Work task — Beginning with the line below that contains "(\<lambda>_. density lborel" and ending with the line that contains "using u by (simp add: field_simps", copy every line exactly. Copy nothing else.

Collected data
BEGIN

(* Let $A=\mathrm{diag}(1,\kappa,\dots,\kappa)\in\mathbb{R}^{d\times d}$ with $\kappa\ge 10$, $h>0$, and let $\alpha_1,\alpha_{-1}\in\mathbb{R}$, $\beta_1,\beta_{-1}\ge0$ be parameters (possibly depending on $d,\kappa,h$) satisfying $|\alpha_{-1}|\le\frac35\beta_{-1}^2\kappa$, $|\alpha_1|\le C|\alpha_{-1}|$ and $\beta_1\le C\beta_{-1}$ for a fixed constant $C$, and $\beta_{-1}\sqrt{\kappa d/\log d}\to\infty$ as $d\to\infty$. Let $x\in\mathbb{R}^d$ satisfy $\|x_{-1}\|_2\le\sqrt{2d/(3\kappa)}$ and $|x_1|\le5\sqrt{\log d}$, let $g\sim\mathcal N(0,I_d)$ and $y_1=(1-\alpha_1)x_1+\beta_1g_1$, $y_{-1}=(1-\alpha_{-1})x_{-1}+\beta_{-1}g_{-1}$. Then there exist $c>0$ and $d_0$ (depending only on $C$ and on the rate at which $\beta_{-1}\sqrt{\kappa d/\log d}\to\infty$) such that for $d\ge d_0$, with probability at least $1-d^{-5}$ over $g$, $$\frac h4\|x\|_{A^2}^2-\frac h4\|y\|_{A^2}^2\le -c\,h\kappa^2\beta_{-1}^2d.$$
   Context: $\|x\|_M=\sqrt{x^\top Mx}$ for positive semidefinite $M$. For $v\in\mathbb{R}^d$, $v_1$ is its first coordinate and $v_{-1}\in\mathbb{R}^{d-1}$ its remaining coordinates. *)

theory Defs
  imports "HOL-Probability.Probability"
begin

text \<open>Vectors in R^d are functions nat => real, coordinates indexed 0..d-1;
  coordinate 0 is the "first" coordinate v_1, coordinates 1..d-1 form v_{-1}.\<close>

definition Amat :: "real \<Rightarrow> nat \<Rightarrow> nat \<Rightarrow> real" where
  "Amat \<kappa> i j = (if i = j then (if i = 0 then 1 else \<kappa>) else 0)"

definition mat_mul :: "nat \<Rightarrow> (nat \<Rightarrow> nat \<Rightarrow> real) \<Rightarrow> (nat \<Rightarrow> nat \<Rightarrow> real) \<Rightarrow> nat \<Rightarrow> nat \<Rightarrow> real" where
  "mat_mul d M N i j = (\<Sum>k<d. M i k * N k j)"

definition Mnorm :: "nat \<Rightarrow> (nat \<Rightarrow> nat \<Rightarrow> real) \<Rightarrow> (nat \<Rightarrow> real) \<Rightarrow> real" where
  "Mnorm d M x = sqrt (\<Sum>i<d. \<Sum>j<d. x i * M i j * x j)"

definition norm_tail :: "nat \<Rightarrow> (nat \<Rightarrow> real) \<Rightarrow> real" where
  "norm_tail d v = sqrt (\<Sum>i\<in>{1..<d}. (v i)\<^sup>2)"

definition gauss :: "nat \<Rightarrow> (nat \<Rightarrow> real) measure" where
  "gauss d = PiM {..<d} (\<lambda>_. density lborel std_normal_density)"

definition ystep :: "real \<Rightarrow> real \<Rightarrow> real \<Rightarrow> real \<Rightarrow> (nat \<Rightarrow> real) \<Rightarrow> (nat \<Rightarrow> real) \<Rightarrow> nat \<Rightarrow> real" where
  "ystep \<alpha>1 \<alpha>m \<beta>1 \<beta>m x g i =
     (if i = 0 then (1 - \<alpha>1) * x 0 + \<beta>1 * g 0 else (1 - \<alpha>m) * x i + \<beta>m * g i)"

end

theory Submission
  imports Defs "HOL-Real_Asymp.Real_Asymp"
begin

(* Since A^2 = diag(1, kappa^2, ..., kappa^2), the energy of y exceeds that of x by at least
   kappa^2 (S - |x_{-1}|^2) - x_1^2, where S = |(1 - alpha_{-1}) x_{-1} + beta_{-1} g_{-1}|^2 is a
   noncentral chi-square variable.  Its lower tail is bounded by a Chernoff argument: the Gaussian
   expectation of exp (-t (v + b z)^2) is explicit (complete the square), and for 2 t beta_{-1}^2 =
   min (1/20, kappa beta_{-1}^2 / 20) the Chernoff exponent is at most -5 log d, because the injected
   noise beta_{-1}^2 d dominates both the contraction |alpha_{-1}| |x_{-1}|^2 <= (2/5) beta_{-1}^2 d and
   the first coordinate x_1^2 <= 25 log d.  Outside this event of probability at most d^-5,
   S >= |x_{-1}|^2 + 25 log d / kappa^2 + beta_{-1}^2 d / 50, which gives the claim with c = 1/200. *)

lemma std_normal_density_times_exp_neg_square:
  fixes t b v z :: real
  assumes "t \<ge> 0"
  defines "u \<equiv> 1 + 2 * t * b\<^sup>2"
  shows "std_normal_density z * exp (- t * (v + b * z)\<^sup>2)
       = exp (- ln u / 2 - t * v\<^sup>2 / u) * normal_density (- 2 * t * b * v / u) (1 / sqrt u) z"
proof -
  have u: "u \<ge> 1" using assms by simp
  define m where "m = - 2 * t * b * v / u"
  have zm: "(z - m) * u = z * u + 2 * t * b * v"
    using u unfolding m_def by (simp add: field_simps)
  have "2 * u * (- z\<^sup>2 / 2 - t * (v + b * z)\<^sup>2) = - 2 * t * v\<^sup>2 - ((z - m) * u)\<^sup>2"
    unfolding zm by (simp add: u_def algebra_simps power2_eq_square)
  then have exponent: "- z\<^sup>2 / 2 - t * (v + b * z)\<^sup>2 = - t * v\<^sup>2 / u - (z - m)\<^sup>2 * u / 2"
    using u by (simp add: field_simps power2_eq_square)
  have prefactor: "exp (- ln u / 2 - t * v\<^sup>2 / u) = exp (- t * v\<^sup>2 / u) / sqrt u"
  proof -
    have "exp (- ln u / 2 - t * v\<^sup>2 / u) = exp (- t * v\<^sup>2 / u) / exp (ln u / 2)"
      by (simp add: exp_diff[symmetric])
    also have "exp (ln u / 2) = sqrt u"
      using u by (simp add: powr_half_sqrt[symmetric] powr_def)
    finally show ?thesis .
  qed
  have density: "normal_density m (1 / sqrt u) z = sqrt u / sqrt (2 * pi) * exp (- (z - m)\<^sup>2 * u / 2)"
    using u by (simp add: normal_density_def power_divide real_sqrt_divide real_sqrt_mult field_simps)
  have "std_normal_density z * exp (- t * (v + b * z)\<^sup>2)
      = 1 / sqrt (2 * pi) * exp (- t * v\<^sup>2 / u) * exp (- (z - m)\<^sup>2 * u / 2)"
    unfolding std_normal_density_def using exponent by (simp add: mult_exp_exp)
  also have "\<dots> = exp (- t * v\<^sup>2 / u) / sqrt u * (sqrt u / sqrt (2 * pi) * exp (- (z - m)\<^sup>2 * u / 2))"
    using u by simp
  also have "\<dots> = exp (- ln u / 2 - t * v\<^sup>2 / u) * normal_density m (1 / sqrt u) z"
    unfolding prefactor density ..
  finally show ?thesis
    unfolding m_def .
qed

lemma nn_integral_std_normal_exp_neg_square:
  fixes t b v :: real
  assumes "t \<ge> 0"
  defines "u \<equiv> 1 + 2 * t * b\<^sup>2"
  shows "(\<integral>\<^sup>+ z. ennreal (exp (- t * (v + b * z)\<^sup>2)) \<partial>density lborel std_normal_density)
       = ennreal (exp (- ln u / 2 - t * v\<^sup>2 / u))"
proof -
  define K where "K = exp (- ln u / 2 - t * v\<^sup>2 / u)"
  define m where "m = - 2 * t * b * v / u"
  have s: "1 / sqrt u > 0" using assms by (simp add: add_pos_nonneg)
  have "(\<integral>\<^sup>+ z. ennreal (exp (- t * (v + b * z)\<^sup>2)) \<partial>density lborel std_normal_density)
      = (\<integral>\<^sup>+ z. ennreal (std_normal_density z * exp (- t * (v + b * z)\<^sup>2)) \<partial>lborel)"
    by (subst nn_integral_density) (auto simp flip: ennreal_mult)
  also have "\<dots> = (\<integral>\<^sup>+ z. ennreal K * ennreal (normal_density m (1 / sqrt u) z) \<partial>lborel)"
    using std_normal_density_times_exp_neg_square[OF assms(1)]
    by (simp add: K_def m_def u_def ennreal_mult)
  also have "\<dots> = ennreal K * (\<integral>\<^sup>+ z. ennreal (normal_density m (1 / sqrt u) z) \<partial>lborel)"
    by (rule nn_integral_cmult) auto
  also have "(\<integral>\<^sup>+ z. ennreal (normal_density m (1 / sqrt u) z) \<partial>lborel) = 1"
    using integral_normal_density[OF s] integrable_normal_density[OF s]
    by (subst nn_integral_eq_integral) auto
  finally show ?thesis
    unfolding K_def by simp
qed

lemma prob_space_gauss: "prob_space (gauss d)"
  unfolding gauss_def by (intro prob_space_PiM prob_space_normal_density) simp

lemma measurable_gauss_component [measurable]:
  "i < d \<Longrightarrow> (\<lambda>g. g i) \<in> borel_measurable (gauss d)"
  unfolding gauss_def by measurable

lemma nn_integral_gauss_prod:
  assumes "I \<subseteq> {..<d}" and [measurable]: "\<And>i. i \<in> I \<Longrightarrow> f i \<in> borel_measurable borel"
  shows "(\<integral>\<^sup>+ g. (\<Prod>i\<in>I. f i (g i)) \<partial>gauss d)
       = (\<Prod>i\<in>I. \<integral>\<^sup>+ z. f i z \<partial>density lborel std_normal_density)"
proof -
  define N where "N = density lborel std_normal_density"
  have N: "prob_space N" unfolding N_def by (rule prob_space_normal_density) simp
  interpret product_prob_space "\<lambda>_. N" "{..<d}"
    by (intro product_prob_space.intro product_sigma_finite.intro product_prob_space_axioms.intro
        prob_space_imp_sigma_finite N)
  define F where "F i z = (if i \<in> I then f i z else 1)" for i z
  have [measurable]: "F i \<in> borel_measurable borel" for i
    unfolding F_def by (cases "i \<in> I") simp_all
  have restrict: "I = {..<d} \<inter> I" using assms(1) by blast
  have "(\<integral>\<^sup>+ g. (\<Prod>i\<in>I. f i (g i)) \<partial>gauss d) = (\<integral>\<^sup>+ g. (\<Prod>i<d. F i (g i)) \<partial>PiM {..<d} (\<lambda>_. N))"
    unfolding gauss_def N_def F_def by (subst restrict) (simp add: prod.inter_restrict)
  also have "\<dots> = (\<Prod>i<d. integral\<^sup>N N (F i))"
    by (rule product_nn_integral_prod) (simp_all add: N_def)
  also have "\<dots> = (\<Prod>i\<in>I. integral\<^sup>N N (f i))"
    by (subst restrict, subst prod.inter_restrict)
      (auto intro!: prod.cong simp: F_def[abs_def] prob_space.emeasure_space_1[OF N])
  finally show ?thesis unfolding N_def .
qed

lemma gauss_sum_squares_le_bound:
  fixes v :: "nat \<Rightarrow> real" and a b t :: real
  assumes "I \<subseteq> {..<d}" and "t > 0"
  defines "u \<equiv> 1 + 2 * t * b\<^sup>2"
  shows "emeasure (gauss d) {g \<in> space (gauss d). (\<Sum>i\<in>I. (v i + b * g i)\<^sup>2) \<le> a}
       \<le> ennreal (exp (t * a - (\<Sum>i\<in>I. ln u / 2 + t * (v i)\<^sup>2 / u)))"
proof -
  have fin: "finite I" using assms(1) finite_subset by blast
  have [measurable]: "(\<lambda>g. g i) \<in> borel_measurable (gauss d)" if "i \<in> I" for i
    using that assms(1) by auto
  have "emeasure (gauss d) {g \<in> space (gauss d). (\<Sum>i\<in>I. (v i + b * g i)\<^sup>2) \<le> a}
      \<le> ennreal (exp (t * a)) * (\<integral>\<^sup>+ g. ennreal (exp (- t * (\<Sum>i\<in>I. (v i + b * g i)\<^sup>2)))
            * indicator (space (gauss d)) g \<partial>gauss d)"
    using assms(2) by (intro Chernoff_ineq_nn_integral_le) measurable
  also have "(\<integral>\<^sup>+ g. ennreal (exp (- t * (\<Sum>i\<in>I. (v i + b * g i)\<^sup>2)))
            * indicator (space (gauss d)) g \<partial>gauss d)
      = (\<integral>\<^sup>+ g. (\<Prod>i\<in>I. ennreal (exp (- t * (v i + b * g i)\<^sup>2))) \<partial>gauss d)"
    using fin by (intro nn_integral_cong)
      (simp add: sum_distrib_left exp_sum prod_ennreal flip: sum_negf)
  also have "\<dots> = (\<Prod>i\<in>I. \<integral>\<^sup>+ z. ennreal (exp (- t * (v i + b * z)\<^sup>2)) \<partial>density lborel std_normal_density)"
    by (rule nn_integral_gauss_prod[OF assms(1)]) simp
  also have "\<dots> = (\<Prod>i\<in>I. ennreal (exp (- ln u / 2 - t * (v i)\<^sup>2 / u)))"
    unfolding u_def using assms(2) by (intro prod.cong refl nn_integral_std_normal_exp_neg_square) simp
  also have "ennreal (exp (t * a)) * \<dots> = ennreal (exp (t * a - (\<Sum>i\<in>I. ln u / 2 + t * (v i)\<^sup>2 / u)))"
  proof -
    have exponent: "t * a - (\<Sum>i\<in>I. ln u / 2 + t * (v i)\<^sup>2 / u)
        = t * a + (\<Sum>i\<in>I. - ln u / 2 - t * (v i)\<^sup>2 / u)"
      by (simp add: sum_negf[symmetric])
    show ?thesis
      unfolding exponent exp_add exp_sum[OF fin] by (simp add: prod_ennreal ennreal_mult prod_nonneg)
  qed
  finally show ?thesis .
qed

lemma mat_mul_Amat_Amat:
  assumes "i < d" "j < d"
  shows "mat_mul d (Amat \<kappa>) (Amat \<kappa>) i j = (if i = j then (if i = 0 then 1 else \<kappa>\<^sup>2) else 0)"
proof -
  have "mat_mul d (Amat \<kappa>) (Amat \<kappa>) i j = (\<Sum>k<d. if k = i then Amat \<kappa> i i * Amat \<kappa> i j else 0)"
    unfolding mat_mul_def by (rule sum.cong) (auto simp: Amat_def)
  also have "\<dots> = Amat \<kappa> i i * Amat \<kappa> i j" using assms by simp
  finally show ?thesis by (auto simp: Amat_def power2_eq_square)
qed

lemma Mnorm_Amat_squared:
  assumes "0 < d"
  shows "(Mnorm d (mat_mul d (Amat \<kappa>) (Amat \<kappa>)) z)\<^sup>2 = (z 0)\<^sup>2 + \<kappa>\<^sup>2 * (\<Sum>i\<in>{1..<d}. (z i)\<^sup>2)"
proof -
  have row: "(\<Sum>j<d. z i * mat_mul d (Amat \<kappa>) (Amat \<kappa>) i j * z j) = (if i = 0 then 1 else \<kappa>\<^sup>2) * (z i)\<^sup>2"
    if "i < d" for i
    using that by (simp add: mat_mul_Amat_Amat if_distrib[of "\<lambda>m. z i * m * _"] power2_eq_square
        sum.delta cong: if_cong)
  have split: "{..<d} = insert 0 {1..<d}" using assms by auto
  have "(\<Sum>i<d. \<Sum>j<d. z i * mat_mul d (Amat \<kappa>) (Amat \<kappa>) i j * z j)
      = (\<Sum>i<d. (if i = 0 then 1 else \<kappa>\<^sup>2) * (z i)\<^sup>2)"
    by (rule sum.cong) (simp_all add: row)
  also have "\<dots> = (z 0)\<^sup>2 + \<kappa>\<^sup>2 * (\<Sum>i\<in>{1..<d}. (z i)\<^sup>2)"
    unfolding split by (simp add: sum_distrib_left)
  moreover have "0 \<le> (z 0)\<^sup>2 + \<kappa>\<^sup>2 * (\<Sum>i\<in>{1..<d}. (z i)\<^sup>2)"
    by (intro add_nonneg_nonneg mult_nonneg_nonneg sum_nonneg) auto
  ultimately show ?thesis unfolding Mnorm_def by simp
qed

END

Task solution —
  "gauss d = PiM {..<d} (\<lambda>_. density lborel std_normal_density)"

definition ystep :: "real \<Rightarrow> real \<Rightarrow> real \<Rightarrow> real \<Rightarrow> (nat \<Rightarrow> real) \<Rightarrow> (nat \<Rightarrow> real) \<Rightarrow> nat \<Rightarrow> real" where
  "ystep \<alpha>1 \<alpha>m \<beta>1 \<beta>m x g i =
     (if i = 0 then (1 - \<alpha>1) * x 0 + \<beta>1 * g 0 else (1 - \<alpha>m) * x i + \<beta>m * g i)"

end

theory Submission
  imports Defs "HOL-Real_Asymp.Real_Asymp"
begin

(* Since A^2 = diag(1, kappa^2, ..., kappa^2), the energy of y exceeds that of x by at least
   kappa^2 (S - |x_{-1}|^2) - x_1^2, where S = |(1 - alpha_{-1}) x_{-1} + beta_{-1} g_{-1}|^2 is a
   noncentral chi-square variable.  Its lower tail is bounded by a Chernoff argument: the Gaussian
   expectation of exp (-t (v + b z)^2) is explicit (complete the square), and for 2 t beta_{-1}^2 =
   min (1/20, kappa beta_{-1}^2 / 20) the Chernoff exponent is at most -5 log d, because the injected
   noise beta_{-1}^2 d dominates both the contraction |alpha_{-1}| |x_{-1}|^2 <= (2/5) beta_{-1}^2 d and
   the first coordinate x_1^2 <= 25 log d.  Outside this event of probability at most d^-5,
   S >= |x_{-1}|^2 + 25 log d / kappa^2 + beta_{-1}^2 d / 50, which gives the claim with c = 1/200. *)

lemma std_normal_density_times_exp_neg_square:
  fixes t b v z :: real
  assumes "t \<ge> 0"
  defines "u \<equiv> 1 + 2 * t * b\<^sup>2"
  shows "std_normal_density z * exp (- t * (v + b * z)\<^sup>2)
       = exp (- ln u / 2 - t * v\<^sup>2 / u) * normal_density (- 2 * t * b * v / u) (1 / sqrt u) z"
proof -
  have u: "u \<ge> 1" using assms by simp
  define m where "m = - 2 * t * b * v / u"
  have zm: "(z - m) * u = z * u + 2 * t * b * v"
    using u unfolding m_def by (simp add: field_simps)
  have "2 * u * (- z\<^sup>2 / 2 - t * (v + b * z)\<^sup>2) = - 2 * t * v\<^sup>2 - ((z - m) * u)\<^sup>2"
    unfolding zm by (simp add: u_def algebra_simps power2_eq_square)
  then have exponent: "- z\<^sup>2 / 2 - t * (v + b * z)\<^sup>2 = - t * v\<^sup>2 / u - (z - m)\<^sup>2 * u / 2"
    using u by (simp add: field_simps power2_eq_square)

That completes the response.